Gordon Monro —Notes

A Note on Multi-Level Hexagonal Grids

Gordon Monro, March 2017

If I have a grid consisting of a large number of small squares I can group areas of squares together to make a coarser square grid, as in ordinary graph paper.

Image of graph paper
Graph paper. Each square of the coarser square grid is made up of 100 squares of of the fine grid.

To do something analogous starting with a grid of small hexagons is not straightforward, and there is no single obvious way to proceed.

There are no long straight lines in a hexagonal grid, so I cannot build an exact large hexagon out of smaller ones. I can group small hexagons together to get an approximately hexagonal region, with zig-zag edges.

A single hexagonal region
An approximately hexagonal region, seven cells across, shown in a larger field of small hexagonal cells,

If I try to join hexagonal regions like these together along their edges, I end up with overlapping regions.

Overlapping hexagonal regions.
Overlapping hexagonal regions; the shaded hexagonal cells belong to two regions.

The solution I adopted was to have the hexagonal regions touch at their corners only, with triangular regions between the hexagonal ones.

Hexagonal regions touching at their corners only
Hexagonal regions touching at their corners only.

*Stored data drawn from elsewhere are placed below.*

(* Let $(\mathcal C,\otimes,\mathbb I)$ be a monoidal category with pushouts and $(H,\Delta,\varepsilon)$ a coalgebra in $\mathcal C$. Let $(X,X\bullet H,\pi_X,\rho_X)$ be a geometric partial $H$-comodule. Consider the free comodule $(X\otimes H,X\otimes\Delta)$ and the two parallel morphisms of $H$-comodules $$\rho_X\otimes H,\ \ (\pi_X\otimes H)\circ(X\otimes\Delta)\ :\ (X\otimes H,X\otimes\Delta)\longrightarrow ((X\bullet H)\otimes H,(X\bullet H)\otimes\Delta).$$ Then $X$ is globalizable if and only if (I) the equalizer $(Y_X,\kappa)$ of this pair exists in $\mathsf{Com}^H$, and (II) the commutative square formed by $(X\otimes\varepsilon)\circ\kappa:Y_X\to X$, $\kappa:Y_X\to X\otimes H$, $\rho_X:X\to X\bullet H$ and $\pi_X:X\otimes H\to X\bullet H$ is a pushout square in $\mathcal C$. Moreover, under these equivalent conditions, $Y_X$ (with $p=(X\otimes\varepsilon)\circ\kappa$) is the globalization of $X$, and $Y_X$ is co-generated by $X$ as a global $H$-comodule, i.e. $(p\otimes H)\circ\delta_{Y_X}:Y_X\to X\otimes H$ is a monomorphism in $\mathsf{Com}^H$, where $\delta_{Y_X}$ is the coaction of $Y_X$.
   Context: $\mathcal C$ is treated as strict monoidal; the identity of an object $X$ is also written $X$ (so $X\otimes\varepsilon=\mathrm{id}_X\otimes\varepsilon$). $\mathsf{Com}^H$ is the category of right $H$-comodules $(Y,\delta)$, $\delta:Y\to Y\otimes H$. A partial comodule datum is $(X,X\bullet H,\pi_X,\rho_X)$ with morphisms $\rho_X:X\to X\bullet H$ and $\pi_X:X\otimes H\to X\bullet H$, $\pi_X$ an epimorphism. For such a datum let: $(X\bullet H)\bullet H$ be the pushout of $\pi_X$ and $\rho_X\otimes H:X\otimes H\to(X\bullet H)\otimes H$, with coprojections $\rho_X\bullet H:X\bullet H\to (X\bullet H)\bullet H$ and $\pi_{X\bullet H}:(X\bullet H)\otimes H\to(X\bullet H)\bullet H$; $X\bullet(H\otimes H)$ the pushout of $\pi_X$ and $X\otimes\Delta$, with coprojections $X\bullet\Delta:X\bullet H\to X\bullet(H\otimes H)$ and $\pi_{X,\Delta}:X\otimes H\otimes H\to X\bullet(H\otimes H)$; $X\bullet(H\bullet H)$ the pushout of $\pi_{X,\Delta}$ and $\pi_X\otimes H:X\otimes H\otimes H\to(X\bullet H)\otimes H$, with coprojections $\pi'_X:X\bullet(H\otimes H)\to X\bullet(H\bullet H)$ and $\pi'_{X,\Delta}:(X\bullet H)\otimes H\to X\bullet(H\bullet H)$. A geometric partial $H$-comodule is a datum such that (GP1) there is $X\bullet\varepsilon:X\bullet H\to X$ with $(X\bullet\varepsilon)\circ\rho_X=\mathrm{id}_X$ and $(X\bullet\varepsilon)\circ\pi_X=X\otimes\varepsilon$; (GP2) there is an isomorphism $\theta:X\bullet(H\bullet H)\to(X\bullet H)\bullet H$ with $\theta\circ\pi'_{X,\Delta}=\pi_{X\bullet H}$ and $(\rho_X\bullet H)\circ\rho_X=\theta\circ\pi'_X\circ(X\bullet\Delta)\circ\rho_X$. A morphism $X\to X'$ of geometric partial comodules is a pair $(f,f\bullet H)$ with $f:X\to X'$, $f\bullet H:X\bullet H\to X'\bullet H$, $\rho_{X'}\circ f=(f\bullet H)\circ\rho_X$ and $\pi_{X'}\circ(f\otimes H)=(f\bullet H)\circ\pi_X$. These form a category $\mathsf{PCom}^H$. A global comodule $(Y,\delta)$ gives the geometric partial comodule $\mathcal I(Y)=(Y,Y\otimes H,\mathrm{id},\delta)$; a morphism $\mathcal I(Y)\to X$ amounts to a morphism $g:Y\to X$ in $\mathcal C$ with $\pi_X\circ(g\otimes H)\circ\delta=\rho_X\circ g$. A globalization of a geometric partial comodule $X$ is a global comodule $(Y,\delta)$ with a morphism $p:Y\to X$ in $\mathcal C$ such that (GL1) $p$ is a morphism $\mathcal I(Y)\to X$; (GL2) $X\bullet H$ with $\rho_X,\pi_X$ is a pushout in $\mathcal C$ of $p:Y\to X$ and $(p\otimes H)\circ\delta:Y\to X\otimes H$; (GL3) for every global comodule $(Z,\delta')$ and every morphism $q:\mathcal I(Z)\to X$ of geometric partial comodules there is a unique comodule morphism $\eta:Z\to Y$ with $p\circ\eta=q$. $X$ is globalizable if a globalization exists. *)

theory Defs
  imports Main
begin
lemma mismatch_suffixes:
  assumes "is_pattern r P" "is_pattern r Q" "mismatch P Q"
    and "take (2 * K) P = w" "take (2 * K) Q = w" "count_list w True = K" "count_list w False = K"
    and "K < r"
  defines "P' \<equiv> normalize_word (drop (2 * K) P)" and "Q' \<equiv> normalize_word (drop (2 * K) Q)"
  shows "is_pattern (r - K) P'" "is_pattern (r - K) Q'" "mismatch P' Q'" "2 \<le> r - K"
proof -
  show patterns: "is_pattern (r - K) P'" "is_pattern (r - K) Q'"
    using assms is_pattern_normalize_word_drop by simp_all
  have "balanced w" using assms(6,7) by (simp add: balanced_def)
  moreover have "mismatch (w @ drop (2 * K) P) (w @ drop (2 * K) Q)"
    using assms(3-5) by (metis append_take_drop_id)
  ultimately show "mismatch P' Q'"
    by (simp add: P'_def Q'_def mismatch_append_balanced mismatch_normalize_word)
  show "2 \<le> r - K"
  proof (rule ccontr)
    assume "\<not> 2 \<le> r - K"
    then have "r - K = 1" using assms(8) by simp
    then have "P' = Q'" using patterns is_pattern_1 by metis
    then show False using \<open>mismatch P' Q'\<close> not_mismatch_self by simp
  qed
qed

section \<open>Pair words and edge patterns\<close>

lemma sorted_list_of_set_Un_less:
  fixes A B :: "'a::linorder set"
  assumes "finite A" "finite B" "\<forall>x\<in>A. \<forall>y\<in>B. x < y"
  shows "sorted_list_of_set (A \<union> B) = sorted_list_of_set A @ sorted_list_of_set B"
proof -
  have "sorted_wrt (<) (sorted_list_of_set A @ sorted_list_of_set B)"
    using assms by (auto simp: sorted_wrt_append)
  then show ?thesis
    using assms by (metis set_append set_sorted_list_of_set sorted_list_of_set.idem_if_sorted_distinct strict_sorted_iff)
qed

lemma pair_word_split:
  fixes e f :: "'a::linorder set"
  assumes "finite e" "finite f" "e \<union> f \<subseteq> A \<union> B" "\<forall>x\<in>A. \<forall>y\<in>B. x < y"
  shows "pair_word e f = pair_word (e \<inter> A) (f \<inter> A) @ pair_word (e \<inter> B) (f \<inter> B)"
proof -
  have parts: "e \<union> f = (e \<inter> A \<union> f \<inter> A) \<union> (e \<inter> B \<union> f \<inter> B)" using assms(3) by blast
  have "sorted_list_of_set (e \<union> f) =
      sorted_list_of_set (e \<inter> A \<union> f \<inter> A) @ sorted_list_of_set (e \<inter> B \<union> f \<inter> B)"
    unfolding parts by (rule sorted_list_of_set_Un_less) (use assms in auto)
  moreover have "x \<in> e \<longleftrightarrow> x \<in> e \<inter> A" if "x \<in> e \<inter> A \<union> f \<inter> A" for x using that by blast
  moreover have "x \<in> e \<longleftrightarrow> x \<in> e \<inter> B" if "x \<in> e \<inter> B \<union> f \<inter> B" for x using that by blast
  ultimately show ?thesis
    using assms(1,2) unfolding pair_word_def by (auto intro!: map_cong)
qed

lemma length_pair_word: "finite e \<Longrightarrow> finite f \<Longrightarrow> length (pair_word e f) = card (e \<union> f)"
  by (simp add: pair_word_def)

lemma count_list_pair_word:
  assumes "finite e" "finite f" "e \<inter> f = {}"
  shows "count_list (pair_word e f) True = card e" "count_list (pair_word e f) False = card f"
proof -
  have "count_list (pair_word e f) b = card {x \<in> e \<union> f. b = (x \<in> e)}" for b
    using assms(1,2)
    by (simp add: pair_word_def count_list_eq_length_filter filter_map comp_def
        flip: distinct_card[OF distinct_filter[OF distinct_sorted_list_of_set]])
  moreover have "{x \<in> e \<union> f. x \<in> e} = e" "{x \<in> e \<union> f. x \<notin> e} = f" using assms(3) by auto
  ultimately show "count_list (pair_word e f) True = card e" "count_list (pair_word e f) False = card f"
    by simp_all
qed

lemma pair_word_swap: "e \<inter> f = {} \<Longrightarrow> pair_word f e = map Not (pair_word e f)"
  unfolding pair_word_def by (cases "finite (e \<union> f)") (auto simp: Un_commute intro!: map_cong)

lemma hd_pair_word_least:
  assumes "finite e" "finite f" "v \<in> e \<union> f" "\<forall>x\<in>e \<union> f. v \<le> x"
  shows "pair_word e f \<noteq> []" "hd (pair_word e f) \<longleftrightarrow> v \<in> e"
proof -
  have "Min (e \<union> f) = v" using assms by (intro Min_eqI) auto
  then have "sorted_list_of_set (e \<union> f) = v # sorted_list_of_set (e \<union> f - {v})"
    using assms sorted_list_of_set_nonempty[of "e \<union> f"] by auto
  then show "pair_word e f \<noteq> []" "hd (pair_word e f) \<longleftrightarrow> v \<in> e"
    by (simp_all add: pair_word_def)
qed
(* Let $I$ be a set of players, for each $i\in I$ let $G_i$ be a compact convex subset of a Hausdorff locally convex topological vector space, and let $G=(G_i,P_i,Q_i)_{i\in I}$ be a general qualitative game satisfying property $T$, where $P_i,Q_i:\prod_{j\in I}G_j\to 2^{G_i}$ satisfy for each $i\in I$: (i) $y_i\in Q_i(y_i,x_{-i})$ for each $y_i\in G_i$ and each $x_{-i}\in G_{-i}$; (ii) $Q_i$ has convex closed values; (iii) $P_i$ has convex values; (iv) $x_i\notin P_i(x)$ for each $x\in\prod_{j\in I}G_j$; (v) $P_i^{-1}(y_i)=\{x\in\prod_{j\in I}G_j: y_i\in P_i(x)\}$ is open in $\prod_{j\in I}G_j$ for each $y_i\in G_i$. Then: (a) if $G\to^* H$ and there exist $i\in I$ and $x_i,y_i\in G_i$ with $y_i\succ_H x_i$, then there exists $x_i^*\in H_i$ such that $x_i^*\succ_H x_i$ and $z_i\not\succ_H x_i^*$ for all $z_i\in G_i$; (b) if $M$ is a nonempty maximal $(\to^* )$-reduction of $G$, then $M$ is the unique maximal $(\to^* )$-reduction of $G$.
   Context: $I$ is a nonempty set; $X=\prod_{j\in I}G_j$, $G_{-i}=\prod_{j\ne i}G_j$, $x=(x_i,x_{-i})$. A general qualitative game is $G=(G_i,P_i,Q_i)_{i\in I}$ with correspondences $P_i,Q_i:X\to 2^{G_i}$. It satisfies property $T$ if for each $i$ and each $x\in X$: $P_i(x)\subseteq Q_i(x)$, and $y_i\in P_i(x)$ implies $Q_i(y_i,x_{-i})\subseteq P_i(x)$. A pairing of $G$ is a family $H=(H_i)_{i\in I}$ with $H_i\subseteq G_i$ (the $P_i$ restricted to $\prod_jH_j$); $H_{-i}=\prod_{j\ne i}H_j$; $H$ is nonempty if every $H_i\neq\emptyset$. For $x_i,y_i\in G_i$: $y_i\succ_H x_i$ iff $H_{-i}\neq\emptyset$ and $y_i\in P_i(x_i,x_{-i})$ for all $x_{-i}\in H_{-i}$. For pairings $R,S$ with $S_i\subseteq R_i$ for all $i$: $R\to S$ means for every $i$ and $x_i\in R_i\setminus S_i$, $\bigcap_{x_{-i}\in R_{-i}}P_i(x_i,x_{-i})\ne\emptyset$; it is fast if moreover for every $i$ and $x_i\in R_i$, $\bigcap_{x_{-i}\in R_{-i}}P_i(x_i,x_{-i})\neq\emptyset$ implies $x_i\notin S_i$. $G\to^*H$ means there is a finite or countably infinite sequence of pairings $R^0=G,R^1,\dots$ with $R^t\to R^{t+1}$ fast for each $t$ and $H_i=\bigcap_tR^t_i$ for each $i$. $H$ is a maximal $(\to^* )$-reduction of $G$ if $G\to^*H$ and, for pairings $H'$ with $H'_i\subseteq H_i$, $H\to H'$ holds only for $H'=H$. *)

theory Defs
  imports "HOL-Analysis.Analysis"
begin

definition lc_tvs :: "'v::real_vector topology \<Rightarrow> bool" where
  "lc_tvs T \<longleftrightarrow> topspace T = UNIV \<and> Hausdorff_space T
     \<and> continuous_map (prod_topology T T) T (\<lambda>(x, y). x + y)
     \<and> continuous_map (prod_topology euclideanreal T) T (\<lambda>(a, x). a *\<^sub>R x)
     \<and> (\<forall>U x. openin T U \<and> x \<in> U \<longrightarrow> (\<exists>V. openin T V \<and> convex V \<and> x \<in> V \<and> V \<subseteq> U))"

text \<open>Profiles are functions 'i => 'v; (x_i, x_{-i}) is written z(i := xi) with
  z in PiE (I - {i}) H (the profile of the other players).\<close>

definition property_T :: "'i set \<Rightarrow> ('i \<Rightarrow> 'v set) \<Rightarrow> ('i \<Rightarrow> ('i \<Rightarrow> 'v) \<Rightarrow> 'v set)
    \<Rightarrow> ('i \<Rightarrow> ('i \<Rightarrow> 'v) \<Rightarrow> 'v set) \<Rightarrow> bool" where
  "property_T I G P Q \<longleftrightarrow> (\<forall>i\<in>I. \<forall>x\<in>PiE I G. P i x \<subseteq> Q i x \<and>
      (\<forall>y\<in>P i x. Q i (x(i := y)) \<subseteq> P i x))"

definition succ_H :: "'i set \<Rightarrow> ('i \<Rightarrow> ('i \<Rightarrow> 'v) \<Rightarrow> 'v set) \<Rightarrow> ('i \<Rightarrow> 'v set)
    \<Rightarrow> 'i \<Rightarrow> 'v \<Rightarrow> 'v \<Rightarrow> bool" where
  "succ_H I P H i y x \<longleftrightarrow> PiE (I - {i}) H \<noteq> {} \<and>
      (\<forall>z\<in>PiE (I - {i}) H. y \<in> P i (z(i := x)))"

definition dominated :: "'i set \<Rightarrow> ('i \<Rightarrow> 'v set) \<Rightarrow> ('i \<Rightarrow> ('i \<Rightarrow> 'v) \<Rightarrow> 'v set)
    \<Rightarrow> ('i \<Rightarrow> 'v set) \<Rightarrow> 'i \<Rightarrow> 'v \<Rightarrow> bool" where
  "dominated I G P R i x \<longleftrightarrow> (G i \<inter> (\<Inter>z\<in>PiE (I - {i}) R. P i (z(i := x)))) \<noteq> {}"

definition red_step :: "'i set \<Rightarrow> ('i \<Rightarrow> 'v set) \<Rightarrow> ('i \<Rightarrow> ('i \<Rightarrow> 'v) \<Rightarrow> 'v set)
    \<Rightarrow> ('i \<Rightarrow> 'v set) \<Rightarrow> ('i \<Rightarrow> 'v set) \<Rightarrow> bool" where
  "red_step I G P R S \<longleftrightarrow> (\<forall>i\<in>I. S i \<subseteq> R i) \<and>
      (\<forall>i\<in>I. \<forall>x\<in>R i - S i. dominated I G P R i x)"

definition fast_step :: "'i set \<Rightarrow> ('i \<Rightarrow> 'v set) \<Rightarrow> ('i \<Rightarrow> ('i \<Rightarrow> 'v) \<Rightarrow> 'v set)
    \<Rightarrow> ('i \<Rightarrow> 'v set) \<Rightarrow> ('i \<Rightarrow> 'v set) \<Rightarrow> bool" where
  "fast_step I G P R S \<longleftrightarrow> red_step I G P R S \<and>
      (\<forall>i\<in>I. \<forall>x\<in>R i. dominated I G P R i x \<longrightarrow> x \<notin> S i)"

definition red_star :: "'i set \<Rightarrow> ('i \<Rightarrow> 'v set) \<Rightarrow> ('i \<Rightarrow> ('i \<Rightarrow> 'v) \<Rightarrow> 'v set)
    \<Rightarrow> ('i \<Rightarrow> 'v set) \<Rightarrow> bool" where
  "red_star I G P H \<longleftrightarrow> (\<exists>R :: nat \<Rightarrow> 'i \<Rightarrow> 'v set. (\<forall>i\<in>I. R 0 i = G i) \<and>
      ((\<exists>n. (\<forall>t<n. fast_step I G P (R t) (R (Suc t))) \<and> (\<forall>i\<in>I. H i = (\<Inter>t\<le>n. R t i)))
       \<or> ((\<forall>t. fast_step I G P (R t) (R (Suc t))) \<and> (\<forall>i\<in>I. H i = (\<Inter>t. R t i)))))"

definition maximal_red :: "'i set \<Rightarrow> ('i \<Rightarrow> 'v set) \<Rightarrow> ('i \<Rightarrow> ('i \<Rightarrow> 'v) \<Rightarrow> 'v set)
    \<Rightarrow> ('i \<Rightarrow> 'v set) \<Rightarrow> bool" where
  "maximal_red I G P H \<longleftrightarrow> red_star I G P H \<and>
      (\<forall>H'. (\<forall>i\<in>I. H' i \<subseteq> H i) \<longrightarrow> red_step I G P H H' \<longrightarrow> (\<forall>i\<in>I. H' i = H i))"

end

theory Submission
  imports Defs
begin

text \<open>
  (a) Fix a player \<open>i\<close> and write \<open>b \<succ> a\<close> for \<open>b \<succ>\<^sub>H a\<close>. By (iv) \<open>\<succ>\<close> is irreflexive, and
  by (i), (ii) and property \<open>T\<close> the closed sets \<open>C b = \<Inter>{Q\<^sub>i(b, z\<^sub>-\<^sub>i) | z\<^sub>-\<^sub>i \<in> H\<^sub>-\<^sub>i}\<close>
  satisfy \<open>{w. w \<succ> b} \<subseteq> C b \<subseteq> {w. w \<succ> a}\<close> whenever \<open>b \<succ> a\<close>; in particular \<open>\<succ>\<close> is
  transitive. Along a chain without a largest element these sets decrease, so by compactness
  of \<open>G\<^sub>i\<close> they have a common point, which lies strictly above the whole chain. Zorn's lemma
  then gives a \<open>\<succ>\<close>-maximal element above \<open>x\<^sub>i\<close>; being undominated, it is never removed by a
  fast reduction and so lies in \<open>H\<^sub>i\<close>.

  (b) A fast step removes exactly the dominated strategies, so every \<open>\<rightarrow>\<^sup>*\<close>-reduction of \<open>G\<close>
  is a term of the canonical sequence of iterated elimination or the intersection of all its
  terms. A maximal reduction is a fixed point of elimination, hence equals the intersection
  of the whole canonical sequence, which does not depend on the reduction.
\<close>

lemma compactin_chain_Inter_nonempty:
  assumes "compactin X S" and "chain\<^sub>\<subseteq> \<C>" and "\<C> \<noteq> {}"
    and "\<And>D. D \<in> \<C> \<Longrightarrow> closedin X D" and "\<And>D. D \<in> \<C> \<Longrightarrow> S \<inter> D \<noteq> {}"
  shows "S \<inter> \<Inter>\<C> \<noteq> {}"
proof -
  have "S \<inter> \<Inter>\<F> \<noteq> {}" if "finite \<F>" "\<F> \<subseteq> \<C>" for \<F>
  proof (cases "\<F> = {}")
    case True
    then show ?thesis using assms(3,5) by blast
  next
    case False
    have "chain\<^sub>\<subseteq> \<F>" using assms(2) \<open>\<F> \<subseteq> \<C>\<close> unfolding chain_subset_def by blast
    then have "\<Inter>\<F> \<in> \<F>"
      using Inter_in_chain[OF \<open>finite \<F>\<close> False] by (simp add: chain_subset_alt_def)
    then show ?thesis using assms(5) \<open>\<F> \<subseteq> \<C>\<close> by blast
  qed
  with assms(1,4) show ?thesis
    unfolding compactin_fip by (elim conjE allE[of _ \<C>] impE) auto
qed

text \<open>\<open>succ b a\<close> reads ``\<open>b\<close> is strictly above \<open>a\<close>''.\<close>

locale compact_succ_order =
  fixes X :: "'a topology" and S :: "'a set" and succ :: "'a \<Rightarrow> 'a \<Rightarrow> bool"
    and C :: "'a \<Rightarrow> 'a set"
  assumes compact: "compactin X S"
    and irrefl: "\<And>a. a \<in> S \<Longrightarrow> \<not> succ a a"
    and succ_in: "\<And>a b. a \<in> S \<Longrightarrow> succ b a \<Longrightarrow> b \<in> S"
    and closed: "\<And>b. b \<in> S \<Longrightarrow> closedin X (C b)"
    and self_in: "\<And>b. b \<in> S \<Longrightarrow> b \<in> C b"
    and C_succ: "\<And>a b w. a \<in> S \<Longrightarrow> succ b a \<Longrightarrow> w \<in> C b \<Longrightarrow> succ w a"
    and succ_C: "\<And>a w. a \<in> S \<Longrightarrow> succ w a \<Longrightarrow> w \<in> C a"
begin

lemma succ_trans: "a \<in> S \<Longrightarrow> succ b a \<Longrightarrow> succ c b \<Longrightarrow> succ c a"
  using C_succ succ_C succ_in by blast

lemma C_antimono: "a \<in> S \<Longrightarrow> succ b a \<Longrightarrow> C b \<subseteq> C a"
  using C_succ succ_C by blast

lemma chain_has_strict_upper_bound:
  assumes "K \<subseteq> S" "K \<noteq> {}" and total: "\<And>a b. a \<in> K \<Longrightarrow> b \<in> K \<Longrightarrow> a = b \<or> succ a b \<or> succ b a"
    and unbounded: "\<And>a. a \<in> K \<Longrightarrow> \<exists>b\<in>K. succ b a"
  shows "\<exists>w\<in>S. \<forall>a\<in>K. succ w a"
proof -
  have "S \<inter> \<Inter>(C ` K) \<noteq> {}"
  proof (rule compactin_chain_Inter_nonempty[OF compact])
    show "chain\<^sub>\<subseteq> (C ` K)"
      unfolding chain_subset_def using total C_antimono \<open>K \<subseteq> S\<close> by blast
    show "C ` K \<noteq> {}" using \<open>K \<noteq> {}\<close> by blast
    show "closedin X D" if "D \<in> C ` K" for D using that closed \<open>K \<subseteq> S\<close> by blast
    show "S \<inter> D \<noteq> {}" if "D \<in> C ` K" for D using that self_in \<open>K \<subseteq> S\<close> by blast
  qed
  then obtain w where "w \<in> S" "\<And>b. b \<in> K \<Longrightarrow> w \<in> C b" by blast
  moreover have "succ w a" if "a \<in> K" for a
    using unbounded[OF that] C_succ \<open>K \<subseteq> S\<close> that calculation(2) by blast
  ultimately show ?thesis by blast
qed
lemma normal_cone_specC_orthogonal_to_curve:
  assumes X: "X \<in> specC Ep Em" and c: "c \<in> normal_cone (specC Ep Em) X" and "0 < d"
    and curve: "\<And>t. \<bar>t\<bar> < d \<Longrightarrow> X + t *\<^sub>R D + (t * t) *\<^sub>R Q \<in> signed_psd_cone Ep Em"
  shows "c \<bullet> (D - trace D *\<^sub>R X) = 0"
proof -
  have trX: "trace X = 1"
    using X by (simp add: specC_eq_trace_slice)
  have "t * (c \<bullet> D - trace D * (c \<bullet> X)) + t * t * (c \<bullet> Q - trace Q * (c \<bullet> X)) \<le> 0"
    if "\<bar>t\<bar> < d" for t
  proof -
    have "c \<bullet> (X + t *\<^sub>R D + (t * t) *\<^sub>R Q) \<le> trace (X + t *\<^sub>R D + (t * t) *\<^sub>R Q) * (c \<bullet> X)"
      by (rule normal_cone_specC_le[OF c curve[OF that]])
    then show ?thesis
      using trX by (simp add: trace_add trace_scaleR inner_add_right algebra_simps)
  qed
  then have "c \<bullet> D - trace D * (c \<bullet> X) = 0"
    by (rule quadratic_nonpos_imp_linear_zero[OF \<open>0 < d\<close>])
  then show ?thesis
    by (simp add: inner_diff_right)
qed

This arrangement is an approximation to what is known as the "trihexagonal tiling".

The trihexagonal tiling
Trihexagonal tiling. Image from Wikipedia, by Tomruen - Own work, CC BY-SA 4.0, Link

I can repeat the arrangement of hexagonal and triangular regions at higher levels. It is quite hard to show in a diagram, but here is an attempt.

Image showing two levels of a multi-levelled hexagonal grid.
Two levels of hexagonal regions.

There are two levels of hexagonal regions. The larger regions (considered as below the smaller ones) are green, the small regions (superimposed on the larger ones) blue. Each larger green region has seven of the smaller blue regions sitting on top of it. The small white hexagonal cells are outside both the small (blue) and large (green) hexagonal regions.

In summary, I have an approximation to the trihexagonal tiling at every level of the multi-level grid. In The Limits to Growth I used four levels of hexagonal regions, and in Nanocosm six. Varying numbers of levels are used in some of the Hexa prints.